2. Materials and methods
2.1. Clinical samples
2.1.1. Subjects
The clinical study was performed following the principles of the Declaration of Helsinki. Informed consent was obtained from all participants and the Institutional Review Board (IRB) at the Aier Eye Hospital Group approved the study (IRB number: AIER 2019IRB03). 147 myopic patients attending the Changsha Aier Eye Hospital, Hunan, China between November 2019 to October 2020 for Implantable Collamer Lens (ICLs) implantation were recruited for this study. The inclusion criteria were: (1) myopia; (2) receiving ICL surgery; (3) willing to participate in the study. Exclusion criteria were: (1) history of ocular trauma and ophthalmic surgery within 6 months; (2) history of retinal laser photocoagulation within 6 months; (3) use of antimetabolites, immunosuppressants or corticosteroids; (4) systemic inflammatory or autoimmune diseases; (5) pre-existing ocular inflammatory-related diseases.
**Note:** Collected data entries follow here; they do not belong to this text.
(* Let $G$ be a distribution function on $\mathbb{R}$ with $G(0)=0$ and $G(\epsilon)>0$ for all $\epsilon>0$, and let $C=C(G)$ be the associated delay copula. Then there exists $\sigma\in\mathbb{S}$ with $C^{\mathbb{S},2}(\sigma,\sigma)-C^{\mathbb{S}}(\sigma)^2\neq 0$.
   Context: The delay copula $C(G)$ is the copula of the random vector $(X,X+D)$, where $X$ is uniformly distributed on $[0,1]$, $D$ is independent of $X$ and has distribution function $G$; i.e. $C(G)(u,v)=\mathbb{P}(F_1(X)\le u,F_2(X+D)\le v)$ with $F_1,F_2$ the (continuous) marginal distribution functions. $\mathbb{S}_k$ is the set of permutations of $[k]$, $\mathbb{S}=\bigsqcup_k\mathbb{S}_k$. For points $(u_i,v_i)$, $i\le k$, with no ties in either coordinate, $\Pi_k$ is the unique $\pi\in\mathbb{S}_k$ with $u_i<u_j\iff v_{\pi(i)}<v_{\pi(j)}$. For a copula $C$ and independent $Z_1,Z_2,Z_2',\dots$ with distribution function $C$: $C^{\mathbb{S}}(\sigma)=\mathbb{P}(\Pi_k(Z_1,\dots,Z_k)=\sigma)$ for $\sigma\in\mathbb{S}_k$, and $C^{\mathbb{S},2}(\sigma,\tau)=\mathbb{P}(\Pi_k(Z_1,Z_2,\dots,Z_k)=\sigma,\ \Pi_j(Z_1,Z_2',\dots,Z_j')=\tau)$ for $\sigma\in\mathbb{S}_k,\tau\in\mathbb{S}_j$. *)

theory Defs
  imports "HOL-Probability.Probability"
begin

text \<open>The law of D is given as a real probability measure with distribution
function G = cdf D.  X is uniform on [0,1], independent of D.\<close>

definition delay_joint :: "real measure \<Rightarrow> (real \<times> real) measure" where
  "delay_joint D = distr (uniform_measure lborel {0..1} \<Otimes>\<^sub>M D) borel (\<lambda>(x, d). (x, x + d))"

definition delay_F1 :: "real measure \<Rightarrow> real \<Rightarrow> real" where
  "delay_F1 D = cdf (distr (delay_joint D) borel fst)"

definition delay_F2 :: "real measure \<Rightarrow> real \<Rightarrow> real" where
  "delay_F2 D = cdf (distr (delay_joint D) borel snd)"

text \<open>The probability measure on the unit square whose distribution function is the
delay copula C(G), i.e. the law of (F1(X), F2(X+D)).\<close>
definition delay_copula_measure :: "real measure \<Rightarrow> (real \<times> real) measure" where
  "delay_copula_measure D =
     distr (delay_joint D) borel (\<lambda>(x, y). (delay_F1 D x, delay_F2 D y))"

definition delay_copula :: "real measure \<Rightarrow> real \<Rightarrow> real \<Rightarrow> real" where
  "delay_copula D u v = measure (delay_copula_measure D) ({..u} \<times> {..v})"

definition no_ties :: "nat \<Rightarrow> (nat \<Rightarrow> real \<times> real) \<Rightarrow> bool" where
  "no_ties k z \<longleftrightarrow>
     (\<forall>i<k. \<forall>j<k. i \<noteq> j \<longrightarrow> fst (z i) \<noteq> fst (z j) \<and> snd (z i) \<noteq> snd (z j))"

definition perm_pattern :: "nat \<Rightarrow> (nat \<Rightarrow> real \<times> real) \<Rightarrow> (nat \<Rightarrow> nat)" where
  "perm_pattern k z = (THE \<pi>. \<pi> permutes {..<k} \<and>
     (\<forall>i<k. \<forall>j<k. fst (z i) < fst (z j) \<longleftrightarrow> snd (z (\<pi> i)) < snd (z (\<pi> j))))"

text \<open>C^S(\<sigma>) for \<sigma> in S_k: Z_0..Z_(k-1) iid with law C.\<close>
definition copula_perm_prob :: "(real \<times> real) measure \<Rightarrow> nat \<Rightarrow> (nat \<Rightarrow> nat) \<Rightarrow> real" where
  "copula_perm_prob C k \<sigma> =
     measure (PiM {..<k} (\<lambda>_. C))
       {z \<in> space (PiM {..<k} (\<lambda>_. C)). no_ties k z \<and> perm_pattern k z = \<sigma>}"

text \<open>C^{S,2}(\<sigma>,\<tau>) for \<sigma> in S_k, \<tau> in S_j: the second family z' shares its first
point with the first family (z' 0 is replaced by z 0), all other points independent.\<close>
definition copula_perm_prob2 ::
  "(real \<times> real) measure \<Rightarrow> nat \<Rightarrow> (nat \<Rightarrow> nat) \<Rightarrow> nat \<Rightarrow> (nat \<Rightarrow> nat) \<Rightarrow> real" where
  "copula_perm_prob2 C k \<sigma> j \<tau> =
     measure (PiM {..<k} (\<lambda>_. C) \<Otimes>\<^sub>M PiM {..<j} (\<lambda>_. C))
       {p \<in> space (PiM {..<k} (\<lambda>_. C) \<Otimes>\<^sub>M PiM {..<j} (\<lambda>_. C)).
          no_ties k (fst p) \<and> perm_pattern k (fst p) = \<sigma> \<and>
          no_ties j ((snd p)(0 := fst p 0)) \<and> perm_pattern j ((snd p)(0 := fst p 0)) = \<tau>}"

end

theory Submission
  imports Defs
begin

(* Take for sigma the transposition of S_2, the discordant pattern of two points.  For a
   bivariate law C let h(a) be the probability that a C-distributed point is discordant with a.
   Then C^S(sigma) = E h(Z) and, since the two families share only their first point,
   C^{S,2}(sigma,sigma) = E h(Z)^2; the difference is the variance of h(Z), so it suffices that
   h(Z) is not almost surely constant.
   The delay copula is the image of the law of (X, D) under (x, d) |-> (F1 x, F2 (x + d)).  If
   0 < x, d <= delta, every (X, D) whose image is discordant with that of (x, d) has X <= 2 delta
   or D <= 0, so h <= 2 delta + G(0) = 2 delta there, and such (x, d) have positive probability
   because G(delta) > 0.  If x is small and d exceeds some b with P(D > b) > 0, the image of
   (x, d) is discordant with the images of a small rectangle of positive probability to the
   right of x, so h > 0 there.  Hence h(Z) is not almost surely equal to any constant c:
   the second set forces c > 0, the first c <= c/2. *)

section \<open>Patterns of two points\<close>

definition discordant :: "real \<times> real \<Rightarrow> real \<times> real \<Rightarrow> bool" where
  "discordant a b \<longleftrightarrow> (fst a < fst b \<and> snd b < snd a) \<or> (fst b < fst a \<and> snd a < snd b)"

lemma permutes_lessThan_2_iff:
  "\<pi> permutes {..<2::nat} \<longleftrightarrow> \<pi> = id \<or> \<pi> = Transposition.transpose 0 1"
proof -
  have "{..<2::nat} = {0, 1}" by auto
  then show ?thesis by (simp add: permutes_doubleton_iff)
qed

lemma perm_pattern_2:
  assumes "no_ties 2 z"
  shows "perm_pattern 2 z = (if discordant (z 0) (z 1) then Transposition.transpose 0 1 else id)"
proof -
  have all2: "(\<forall>i<2. P i) \<longleftrightarrow> P 0 \<and> P 1" for P :: "nat \<Rightarrow> bool"
    by (auto simp: less_2_cases_iff)
  have "fst (z 0) \<noteq> fst (z 1)" "snd (z 0) \<noteq> snd (z 1)"
    using assms by (auto simp: no_ties_def all2)
  then show ?thesis
    unfolding perm_pattern_def
    by (intro the_equality) (auto simp: permutes_lessThan_2_iff all2 discordant_def)
qed

lemma transpose_01_neq_id: "Transposition.transpose (0::nat) 1 \<noteq> id"
  by (metis id_apply transpose_apply_first zero_neq_one)

lemma perm_pattern_2_eq_transpose_iff:
  "no_ties 2 z \<and> perm_pattern 2 z = Transposition.transpose 0 1 \<longleftrightarrow> discordant (z 0) (z 1)"
proof -
  have "discordant (z 0) (z 1) \<Longrightarrow> no_ties 2 z"
    by (auto simp: no_ties_def discordant_def less_2_cases_iff)
  then show ?thesis using perm_pattern_2 transpose_01_neq_id by fastforce
qed

lemma pred_discordant[measurable (raw)]:
  assumes "f \<in> M \<rightarrow>\<^sub>M borel" "g \<in> M \<rightarrow>\<^sub>M borel"
  shows "Measurable.pred M (\<lambda>x. discordant (f x) (g x))"
proof -
  have [measurable]: "f \<in> M \<rightarrow>\<^sub>M borel \<Otimes>\<^sub>M borel" "g \<in> M \<rightarrow>\<^sub>M borel \<Otimes>\<^sub>M borel"
    using assms by (simp_all add: borel_prod)
  show ?thesis unfolding discordant_def by measurable
qed

section \<open>Discordance probability of a bivariate law\<close>

lemma distr_PiM_lessThan_2_pair:
  assumes M: "sigma_finite_measure M"
  shows "distr (PiM {..<2::nat} (\<lambda>_. M)) (M \<Otimes>\<^sub>M M) (\<lambda>z. (z 0, z 1)) = M \<Otimes>\<^sub>M M"
proof -
  interpret product_sigma_finite "\<lambda>_::nat. M"
    using M by (simp add: product_sigma_finite_def)
  let ?P = "PiM {..<2::nat} (\<lambda>_. M)"
  have "M \<Otimes>\<^sub>M M = distr ?P (M \<Otimes>\<^sub>M M) (\<lambda>z. (z 0, z 1))"
  proof (rule pair_measure_eqI[OF M M])
    fix A B assume A: "A \<in> sets M" and B: "B \<in> sets M"
    let ?F = "\<lambda>i::nat. if i = 0 then A else B"
    have "(\<lambda>z. (z 0, z 1)) -` (A \<times> B) \<inter> space ?P = PiE {..<2} ?F" (is "?L = _")
    proof (intro set_eqI iffI)
      fix z assume "z \<in> ?L"
      then show "z \<in> PiE {..<2} ?F" by (auto simp: space_PiM PiE_def Pi_def less_2_cases_iff)
    next
      fix z assume z: "z \<in> PiE {..<2} ?F"
      have "z 0 \<in> A" "z 1 \<in> B" using PiE_mem[OF z, of 0] PiE_mem[OF z, of 1] by simp_all
      with z A B show "z \<in> ?L"
        by (auto simp: space_PiM PiE_def Pi_def less_2_cases_iff dest: sets.sets_into_space)
    qed
    then have "emeasure (distr ?P (M \<Otimes>\<^sub>M M) (\<lambda>z. (z 0, z 1))) (A \<times> B) = emeasure ?P (PiE {..<2} ?F)"
      using A B by (simp add: emeasure_distr)
    also have "\<dots> = emeasure M A * emeasure M B"
      using A B by (simp add: emeasure_PiM lessThan_Suc numeral_2_eq_2 mult.commute)
    finally show "emeasure M A * emeasure M B = emeasure (distr ?P (M \<Otimes>\<^sub>M M) (\<lambda>z. (z 0, z 1))) (A \<times> B)"
      by simp
  qed simp
  then show ?thesis ..
qed

lemma nn_integral_PiM_lessThan_2:
  assumes M: "sigma_finite_measure M" and f: "f \<in> borel_measurable (M \<Otimes>\<^sub>M M)"
  shows "(\<integral>\<^sup>+z. f (z 0, z 1) \<partial>PiM {..<2::nat} (\<lambda>_. M)) = (\<integral>\<^sup>+a. \<integral>\<^sup>+b. f (a, b) \<partial>M \<partial>M)"
proof -
  have "(\<integral>\<^sup>+z. f (z 0, z 1) \<partial>PiM {..<2::nat} (\<lambda>_. M))
      = (\<integral>\<^sup>+p. f p \<partial>distr (PiM {..<2::nat} (\<lambda>_. M)) (M \<Otimes>\<^sub>M M) (\<lambda>z. (z 0, z 1)))"
    using f by (intro nn_integral_distr[symmetric]) auto
  also have "\<dots> = (\<integral>\<^sup>+a. \<integral>\<^sup>+b. f (a, b) \<partial>M \<partial>M)"
    unfolding distr_PiM_lessThan_2_pair[OF M] using f
    by (rule sigma_finite_measure.nn_integral_fst[OF M, symmetric])
  finally show ?thesis .
qed

lemma (in prob_space) variance_eq_0_imp_AE_eq_expectation:
  fixes X :: "'a \<Rightarrow> real"
  assumes X: "X \<in> borel_measurable M"
    and square: "integrable M (\<lambda>x. (X x)\<^sup>2)" and "variance X = 0"
  shows "AE x in M. X x = expectation X"
proof -
  have "integrable M X"
    using square_integrable_imp_integrable[OF X square] .
  then have "integrable M (\<lambda>x. (X x)\<^sup>2 + (expectation X)\<^sup>2 - 2 * X x * expectation X)"
    using square by (intro Bochner_Integration.integrable_add Bochner_Integration.integrable_diff
        integrable_mult_left integrable_mult_right integrable_const)
  then have "integrable M (\<lambda>x. (X x - expectation X)\<^sup>2)"
    by (simp only: power2_diff)
  moreover have "AE x in M. 0 \<le> (X x - expectation X)\<^sup>2"
    by (intro AE_I2) simp
  ultimately have "AE x in M. (X x - expectation X)\<^sup>2 = 0"
    using \<open>variance X = 0\<close> by (simp only: integral_nonneg_eq_0_iff_AE)
  then show ?thesis
    by (rule AE_mp) (intro AE_I2, simp)
qed

lemma AE_obtain_in_positive_set:
  assumes "AE x in M. P x" "A \<in> sets M" "0 < measure M A"
  obtains x where "x \<in> A" "P x"
proof -
  have "{x \<in> space M. x \<in> A} = A"
    using sets.sets_into_space[OF assms(2)] by auto
  moreover have "emeasure M A \<noteq> 0"
    using assms(3) by (auto simp: measure_def)
  ultimately have "\<not> (AE x in M. x \<notin> A)"
    using assms(2) by (simp add: AE_iff_measurable[OF _ refl])
  moreover have "AE x in M. x \<notin> A" if "\<forall>x\<in>A. \<not> P x"
    using assms(1) by eventually_elim (use that in auto)
  ultimately show ?thesis
    using that by blast
qed

definition discordance_prob :: "(real \<times> real) measure \<Rightarrow> real \<times> real \<Rightarrow> real" where
  "discordance_prob C a = measure C {b. discordant a b}"

context
  fixes C :: "(real \<times> real) measure"
  assumes prob_C: "prob_space C" and sets_C: "sets C = sets borel"
begin

interpretation prob_space C by (rule prob_C)

lemma measurable_C_iff: "measurable N C = measurable N borel"
  by (rule measurable_cong_sets[OF refl sets_C])

lemma measurable_component_C[measurable]:
  "i \<in> I \<Longrightarrow> (\<lambda>z. z i) \<in> PiM I (\<lambda>_. C) \<rightarrow>\<^sub>M borel"
  unfolding measurable_C_iff[symmetric] by measurable

lemma sets_discordant: "{b. discordant a b} \<in> sets C"
proof -
  have "{b \<in> space borel. discordant a b} \<in> sets borel" by measurable
  then show ?thesis by (simp add: sets_C)
qed

lemma sets_pair_discordant: "{p. discordant (fst p) (snd p)} \<in> sets (C \<Otimes>\<^sub>M C)"
proof -
  have "{p \<in> space (borel \<Otimes>\<^sub>M borel). discordant (fst p) (snd p)}
      \<in> sets (borel \<Otimes>\<^sub>M borel :: ((real \<times> real) \<times> (real \<times> real)) measure)"
    by measurable
  then show ?thesis by (simp add: sets_pair_measure_cong[OF sets_C sets_C] space_pair_measure)
qed

lemma emeasure_discordant: "emeasure C {b. discordant a b} = ennreal (discordance_prob C a)"
  by (simp add: discordance_prob_def emeasure_eq_measure)

lemma discordance_prob_bounds: "0 \<le> discordance_prob C a" "discordance_prob C a \<le> 1"
  by (simp_all add: discordance_prob_def)

lemma borel_measurable_discordance_prob[measurable]: "discordance_prob C \<in> borel_measurable C"
proof -
  have "discordance_prob C = (\<lambda>a. enn2real (emeasure C (Pair a -` {p. discordant (fst p) (snd p)})))"
    by (rule ext) (simp add: discordance_prob_def measure_def vimage_def)
  also have "\<dots> \<in> borel_measurable C"
    by (intro borel_measurable_enn2real measurable_emeasure_Pair sets_pair_discordant)
  finally show ?thesis .
qed

lemma integrable_discordance_prob_power: "integrable C (\<lambda>a. discordance_prob C a ^ n)"
  using discordance_prob_bounds
  by (intro integrable_const_bound[where B=1]) (auto simp: power_le_one)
During data analysis, the participants were grouped into either high myopia (axial length ≧26.5 mm or spherical equivalent ≦-8.00D) and low myopia(axial length < 26.5 mm and spherical equivalent > −8.00D) (Tokoro, 1998), or with and without different degrees of pathological myopia (i.e., posterior staphyloma (PS) or with myopic chorioretinal atrophy (PS + CA).
Posterior staphyloma was diagnosed based on ocular B-scan ultrasonography. The diagnostic criteria were according to the definition of posterior staphyloma that an outpouching of a circumscribed posterior fundus region and had a curvature radius that was smaller than the curvature radius of the fellow eye (Spaide, 2014). Pathological myopia-related retinopathy was diagnosed using colour fundus images and scanning laser ophthalmoscope (SLO) examination. The diagnostic criteria were based on the META-PM classification and the definition of pathological myopia, including diffuse chorioretinal atrophy (myopic maculopathy category 2), patchy chorioretinal atrophy (myopic maculopathy category 3), macular atrophy (myopic maculopathy category 4), or presence of plus lesion, including neovascularization, Fuchs and lacquer cracks (Ohno-Matsui et al., 2015).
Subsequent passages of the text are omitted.